By Ana Sofia Hibon
Social Connectedness Fellow 2017
Today, the UN observes the third celebration of the International Day of Women and Girls in Science.
It is no secret that science, technology, engineering, and math (STEM) are male-dominated arenas. Globally, women account for the majority of students at the bachelors and masters levels, yet they only represent 35% of higher education STEM students. These statistics reflect the reality of women abandoning STEM degrees and careers at a much higher rate than their male counterparts, emphasizing the isolation those that remain may experience in this line of work.
The reasons behind the gender gap in STEM are systemic and complex. These include gender-based stereotypes, lack of same-sex role models, societal expectations, and differentiated treatment in schools and households. All of these factors can cause girls and women to prefer other subjects and gradually lose confidence in their capability to excel in STEM areas.
It often begins in the classroom. A recent review conducted by UNESCO in 78 countries found that many of the learning materials used in schools conveyed gender bias. For example, at the primary-school level in India, 50% of illustrations in mathematics and science textbooks portrayed male characters, in contrast to only 6% female ones.
Toy aisles are another key indicator of this gap. Despite studies showing that gender-coded toys can be unfavorable to a child’s development, the pink and blue divide still dominates many toy stores. STEM-focused toys are three times more likely to be marketed to boys, while toys marketed to either sex promote gender roles and limit the ingenuity and personal exploration of children. This can have an impact on their future skills sets and career aspirations.
Increased participation of girls and women in STEM fields is a matter of equal access to opportunities. Excluding women also decreases the diversity of STEM research perspectives and cuts the talent pool in half. Therefore, progress made in these fields and overall productivity are slowed down, which ultimately affects us all. This impact is already being felt. In 2017, the European Commission stated that by 2020, the EU could face a shortage of 900,000 workers trained in information and communications technology. The fact remains that countries need women in STEM to stay competitive and meet their development needs.
Several governments civil society actors are working to bridge the gap. Based in Abuja, Nigeria, The Visiola Foundation works to encourage marginalized African youth to pursue STEM careers by providing scholarships, mentorship, and training. Their programs cater to girls and young women, and focus on building their confidence and sparking their interest in STEM. VF provides scholarships for girls from disadvantaged backgrounds to attend top African universities. The foundation also runs yearly STEM summer camps, coding boot camps, and after-school STEM clubs, where they currently work with 500 girls, aged 11 to 17.
At the policy level, Malaysia leads the way in gender-responsive education. Its strong emphasis on gender parity in STEM has shown outstanding results. The country saw an increase in female researchers from 35.8% in 2004 to 49.9% in 2012. In partnership with the International Bureau of Education, its Ministry of Education recently developed a set of manuals to support governments, schools, and teachers in encouraging girls to participate in STEM areas. This resource pack is available online and is free of cost.

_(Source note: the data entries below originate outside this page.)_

(* Let $u:\mathbb T_n^d\to(0,1)$, $\mu=\bigotimes_{x\in\mathbb T^d_n}\mathrm{Bern}(u_x)$ on $\Omega_n=\{0,1\}^{\mathbb T_n^d}$, let $f:\Omega_n\to[0,\infty)$ be a density with respect to $\mu$, let $x,y\in\mathbb T_n^d$, and let $h:\Omega_n\to\mathbb R$ satisfy $h(\eta^{x,y})=h(\eta)$ for all $\eta$. Then \[ \int h(\omega_y-\omega_x)f\,d\mu=\int h\,s_{x,y}\,\nabla_{x,y}f\,d\mu-(u_y-u_x)\int h\,\omega_x\omega_y f\,d\mu, \] where $s_{x,y}=\dfrac{\eta_x(1-\eta_y)}{u_x(1-u_y)}$.
   Context: $\mathbb T_n^d=\mathbb Z^d/n\mathbb Z^d$; $\eta^{x,y}$ is the configuration obtained from $\eta$ by exchanging the values $\eta_x,\eta_y$; $\nabla_{x,y}f(\eta)=f(\eta^{x,y})-f(\eta)$; $\omega_x=(\eta_x-u_x)/(u_x(1-u_x))$; a density means $\int f\,d\mu=1$. *)

theory Defs
  imports Complex_Main
begin

text \<open>Discrete torus T_n^d: points are vectors v with coordinates 0 <= v i < n for i < d,
  and v i = 0 for i >= d (canonical representatives of Z^d / nZ^d).\<close>
definition torus :: "nat \<Rightarrow> nat \<Rightarrow> (nat \<Rightarrow> nat) set" where
  "torus n d = {v. (\<forall>i<d. v i < n) \<and> (\<forall>i. d \<le> i \<longrightarrow> v i = 0)}"

definition configs :: "'s set \<Rightarrow> ('s \<Rightarrow> real) set" where
  "configs S = {\<eta>. (\<forall>z\<in>S. \<eta> z \<in> {0, 1}) \<and> (\<forall>z. z \<notin> S \<longrightarrow> \<eta> z = 0)}"

definition bern_weight :: "('s \<Rightarrow> real) \<Rightarrow> 's set \<Rightarrow> ('s \<Rightarrow> real) \<Rightarrow> real" where
  "bern_weight u S \<eta> = (\<Prod>z\<in>S. if \<eta> z = 1 then u z else 1 - u z)"

definition bern_integral :: "('s \<Rightarrow> real) \<Rightarrow> 's set \<Rightarrow> (('s \<Rightarrow> real) \<Rightarrow> real) \<Rightarrow> real" where
  "bern_integral u S F = (\<Sum>\<eta>\<in>configs S. bern_weight u S \<eta> * F \<eta>)"

definition swap_conf :: "('s \<Rightarrow> real) \<Rightarrow> 's \<Rightarrow> 's \<Rightarrow> ('s \<Rightarrow> real)" where
  "swap_conf \<eta> x y = \<eta>(x := \<eta> y, y := \<eta> x)"

definition grad :: "'s \<Rightarrow> 's \<Rightarrow> (('s \<Rightarrow> real) \<Rightarrow> real) \<Rightarrow> ('s \<Rightarrow> real) \<Rightarrow> real" where
  "grad x y f \<eta> = f (swap_conf \<eta> x y) - f \<eta>"

definition omega :: "('s \<Rightarrow> real) \<Rightarrow> 's \<Rightarrow> ('s \<Rightarrow> real) \<Rightarrow> real" where
  "omega u x \<eta> = (\<eta> x - u x) / (u x * (1 - u x))"

definition s_xy :: "('s \<Rightarrow> real) \<Rightarrow> 's \<Rightarrow> 's \<Rightarrow> ('s \<Rightarrow> real) \<Rightarrow> real" where
  "s_xy u x y \<eta> = \<eta> x * (1 - \<eta> y) / (u x * (1 - u y))"

end

theory Submission
  imports Defs
begin

text \<open>Reindexing the sum over configurations by \<open>\<eta> \<mapsto> \<eta>^{x,y}\<close> and using the
  detailed balance relation \<open>\<mu>(\<eta>^{x,y}) s_{x,y}(\<eta>^{x,y}) = \<mu>(\<eta>) s_{y,x}(\<eta>)\<close> turns
  \<open>\<integral> h s_{x,y} \<nabla>_{x,y} f d\<mu>\<close> into \<open>\<integral> h (s_{y,x} - s_{x,y}) f d\<mu>\<close>, because \<open>h\<close> is
  exchange invariant. The theorem then follows from the pointwise identity
  \<open>\<omega>_y - \<omega>_x = s_{y,x} - s_{x,y} - (u_y - u_x) \<omega>_x \<omega>_y\<close>, checked on the four values of
  \<open>(\<eta>_x, \<eta>_y)\<close>.\<close>

lemma finite_torus: "finite (torus n d)"
  by (rule finite_subset[OF _ finite_set_of_finite_funs[of "{..<d}" "{..<n}" 0]])
     (auto simp: torus_def)

lemma configs_value:
  "\<eta> \<in> configs S \<Longrightarrow> z \<in> S \<Longrightarrow> \<eta> z \<in> {0, 1}"
  by (simp add: configs_def)

lemma swap_conf_in_configs:
  "\<eta> \<in> configs S \<Longrightarrow> x \<in> S \<Longrightarrow> y \<in> S \<Longrightarrow> swap_conf \<eta> x y \<in> configs S"
  by (auto simp: configs_def swap_conf_def)

lemma swap_conf_swap_conf [simp]: "swap_conf (swap_conf \<eta> x y) x y = \<eta>"
  by (auto simp: swap_conf_def)

lemma sum_configs_swap_conf:
  assumes "x \<in> S" "y \<in> S"
  shows "(\<Sum>\<eta>\<in>configs S. g (swap_conf \<eta> x y)) = (\<Sum>\<eta>\<in>configs S. g \<eta>)"
proof -
  have "bij_betw (\<lambda>\<eta>. swap_conf \<eta> x y) (configs S) (configs S)"
    by (rule bij_betw_byWitness[where f' = "\<lambda>\<eta>. swap_conf \<eta> x y"])
       (auto simp: swap_conf_in_configs assms)
  then show ?thesis
    by (rule sum.reindex_bij_betw)
qed

lemma bern_weight_eq_remove2:
  assumes "finite S" "x \<in> S" "y \<in> S" "x \<noteq> y"
  shows "bern_weight u S \<eta> = (if \<eta> x = 1 then u x else 1 - u x) * (if \<eta> y = 1 then u y else 1 - u y)
     * (\<Prod>z\<in>S - {x, y}. if \<eta> z = 1 then u z else 1 - u z)"
  using assms unfolding bern_weight_def
  by (simp add: prod.remove[of S x] prod.remove[of "S - {x}" y] Diff_insert2 [symmetric] mult.assoc)

lemma bern_weight_swap_conf_detailed_balance:
  assumes "finite S" "x \<in> S" "y \<in> S" "\<eta> \<in> configs S"
    and "u x \<notin> {0, 1}" "u y \<notin> {0, 1}"
  shows "bern_weight u S (swap_conf \<eta> x y) * s_xy u x y (swap_conf \<eta> x y)
       = bern_weight u S \<eta> * s_xy u y x \<eta>"
proof (cases "x = y")
  case True
  have "\<eta> x \<in> {0, 1}"
    by (rule configs_value[OF assms(4,2)])
  then show ?thesis
    using True by (auto simp: s_xy_def swap_conf_def)
next
  case False
  have "\<eta> x \<in> {0, 1}" "\<eta> y \<in> {0, 1}"
    using configs_value[OF assms(4)] assms(2,3) by auto
  moreover have "(\<Prod>z\<in>S - {x, y}. if swap_conf \<eta> x y z = 1 then u z else 1 - u z)
      = (\<Prod>z\<in>S - {x, y}. if \<eta> z = 1 then u z else 1 - u z)"
    by (rule prod.cong) (auto simp: swap_conf_def)
  ultimately show ?thesis
    using assms(5,6)
    unfolding bern_weight_eq_remove2[OF assms(1-3) False]
    by (auto simp: s_xy_def swap_conf_def)
qed

lemma bern_integral_cong:
  "(\<And>\<eta>. \<eta> \<in> configs S \<Longrightarrow> F \<eta> = G \<eta>) \<Longrightarrow> bern_integral u S F = bern_integral u S G"
  by (simp add: bern_integral_def)

lemma bern_integral_diff:
  "bern_integral u S (\<lambda>\<eta>. F \<eta> - G \<eta>) = bern_integral u S F - bern_integral u S G"
  by (simp add: bern_integral_def right_diff_distrib sum_subtractf)

lemma bern_integral_mult_left:
  "bern_integral u S (\<lambda>\<eta>. c * F \<eta>) = c * bern_integral u S F"
  by (simp add: bern_integral_def sum_distrib_left mult.left_commute)

lemma bern_integral_s_xy_grad:
  assumes "finite S" "x \<in> S" "y \<in> S" "u x \<notin> {0, 1}" "u y \<notin> {0, 1}"
    and h_swap: "\<forall>\<eta>\<in>configs S. h (swap_conf \<eta> x y) = h \<eta>"
  shows "bern_integral u S (\<lambda>\<eta>. h \<eta> * s_xy u x y \<eta> * grad x y f \<eta>)
       = bern_integral u S (\<lambda>\<eta>. h \<eta> * (s_xy u y x \<eta> - s_xy u x y \<eta>) * f \<eta>)"
proof -
  let ?w = "bern_weight u S" and ?\<sigma> = "\<lambda>\<eta>. swap_conf \<eta> x y"
  have "bern_integral u S (\<lambda>\<eta>. h \<eta> * s_xy u x y \<eta> * f (?\<sigma> \<eta>))
      = (\<Sum>\<eta>\<in>configs S. ?w (?\<sigma> \<eta>) * (h (?\<sigma> \<eta>) * s_xy u x y (?\<sigma> \<eta>) * f \<eta>))"
    using sum_configs_swap_conf[OF assms(2,3),
        of "\<lambda>\<eta>. ?w (?\<sigma> \<eta>) * (h (?\<sigma> \<eta>) * s_xy u x y (?\<sigma> \<eta>) * f \<eta>)"]
    by (simp add: bern_integral_def)
  also have "\<dots> = bern_integral u S (\<lambda>\<eta>. h \<eta> * s_xy u y x \<eta> * f \<eta>)"
    unfolding bern_integral_def
  proof (rule sum.cong[OF refl])
    fix \<eta> assume \<eta>: "\<eta> \<in> configs S"
    have "?w (?\<sigma> \<eta>) * s_xy u x y (?\<sigma> \<eta>) = ?w \<eta> * s_xy u y x \<eta>"
      by (rule bern_weight_swap_conf_detailed_balance[OF assms(1-3) \<eta> assms(4,5)])
    moreover have "h (?\<sigma> \<eta>) = h \<eta>"
      using h_swap \<eta> by blast
    ultimately show "?w (?\<sigma> \<eta>) * (h (?\<sigma> \<eta>) * s_xy u x y (?\<sigma> \<eta>) * f \<eta>)
        = ?w \<eta> * (h \<eta> * s_xy u y x \<eta> * f \<eta>)"
      by (metis mult.assoc mult.commute)
  qed
  finally show ?thesis
    by (simp add: grad_def right_diff_distrib left_diff_distrib bern_integral_diff)
qed

lemma omega_diff_eq_s_xy:
  assumes "\<eta> x \<in> {0, 1}" "\<eta> y \<in> {0, 1}" "u x \<notin> {0, 1}" "u y \<notin> {0, 1}"
  shows "omega u y \<eta> - omega u x \<eta>
       = s_xy u y x \<eta> - s_xy u x y \<eta> - (u y - u x) * (omega u x \<eta> * omega u y \<eta>)"
proof -
  define r s where "r = 1 - u x" and "s = 1 - u y"
  have nz: "u x \<noteq> 0" "r \<noteq> 0" "u y \<noteq> 0" "s \<noteq> 0"
    using assms(3,4) by (auto simp: r_def s_def)
  have rs: "u x + r = 1" "u y + s = 1"
    by (simp_all add: r_def s_def)
  from assms(1,2) show ?thesis
    unfolding omega_def s_xy_def r_def[symmetric] s_def[symmetric]
    by (elim insertE emptyE; simp add: nz field_simps; use rs in algebra)
qed

theorem lemmaE1:
  fixes n d :: nat and u :: "(nat \<Rightarrow> nat) \<Rightarrow> real"
    and f h :: "((nat \<Rightarrow> nat) \<Rightarrow> real) \<Rightarrow> real" and x y :: "nat \<Rightarrow> nat"
  assumes "n \<ge> 1"
    and "\<forall>z\<in>torus n d. 0 < u z \<and> u z < 1"
    and "\<forall>\<eta>\<in>configs (torus n d). f \<eta> \<ge> 0"
    and "bern_integral u (torus n d) f = 1"
    and "x \<in> torus n d" and "y \<in> torus n d"
    and "\<forall>\<eta>\<in>configs (torus n d). h (swap_conf \<eta> x y) = h \<eta>"
  shows "bern_integral u (torus n d) (\<lambda>\<eta>. h \<eta> * (omega u y \<eta> - omega u x \<eta>) * f \<eta>)
       = bern_integral u (torus n d) (\<lambda>\<eta>. h \<eta> * s_xy u x y \<eta> * grad x y f \<eta>)
         - (u y - u x) * bern_integral u (torus n d) (\<lambda>\<eta>. h \<eta> * omega u x \<eta> * omega u y \<eta> * f \<eta>)"
proof -
  let ?S = "torus n d"
  have u_01: "u x \<notin> {0, 1}" "u y \<notin> {0, 1}"
    using assms(2,5,6) by fastforce+
  have "bern_integral u ?S (\<lambda>\<eta>. h \<eta> * (omega u y \<eta> - omega u x \<eta>) * f \<eta>)
      = bern_integral u ?S (\<lambda>\<eta>. h \<eta> * (s_xy u y x \<eta> - s_xy u x y \<eta>) * f \<eta>
          - (u y - u x) * (h \<eta> * omega u x \<eta> * omega u y \<eta> * f \<eta>))"
  proof (rule bern_integral_cong)
    fix \<eta> assume \<eta>: "\<eta> \<in> configs ?S"
    have omega_eq: "omega u y \<eta> - omega u x \<eta>
        = s_xy u y x \<eta> - s_xy u x y \<eta> - (u y - u x) * (omega u x \<eta> * omega u y \<eta>)"
      using configs_value[OF \<eta> assms(5)] configs_value[OF \<eta> assms(6)] u_01
      by (rule omega_diff_eq_s_xy[of \<eta> x y u])
    show "h \<eta> * (omega u y \<eta> - omega u x \<eta>) * f \<eta>
        = h \<eta> * (s_xy u y x \<eta> - s_xy u x y \<eta>) * f \<eta>
          - (u y - u x) * (h \<eta> * omega u x \<eta> * omega u y \<eta> * f \<eta>)"
      unfolding omega_eq by (simp add: algebra_simps)
  qed
  then show ?thesis
    using bern_integral_s_xy_grad[OF finite_torus assms(5,6) u_01 assms(7)]
    by (simp add: bern_integral_diff bern_integral_mult_left)
qed

end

On another front, the UK parent-led campaign, Let Toys Be Toys, advocates for gender-neutral toy store aisles. This initiative grew out of an online thread where parents expressed their frustration over the increase of gender-coded toy marketing. They have so far succeeded in convincing fourteen UK retailers to make changes in their aisles, with several toy companies joining the movement. Some are not only leaving gender-coded marketing behind, but also creating toys that foster collaboration and play between boys and girls, while encouraging their development of STEM skills.
Governments, foundations, and concerned parents should not be the only ones raising awareness of this issue. On today’s International Day of Women and Girls in Science, take a moment to reflect: What actions can we all take to level the playing field? Is it by lifting up non-stereotypical role models in the workplace? Or by using more inclusive language? And will we choose to buy toys that reinforce divides or toys that uplift and create connectedness amongst children?
The answers will vary, but the impact of creating small changes cannot be underestimated. Leveling the STEM playing field requires a collaborative effort and concerns us all. Together, we can shape a world where girls and boys thrive regardless of their gender.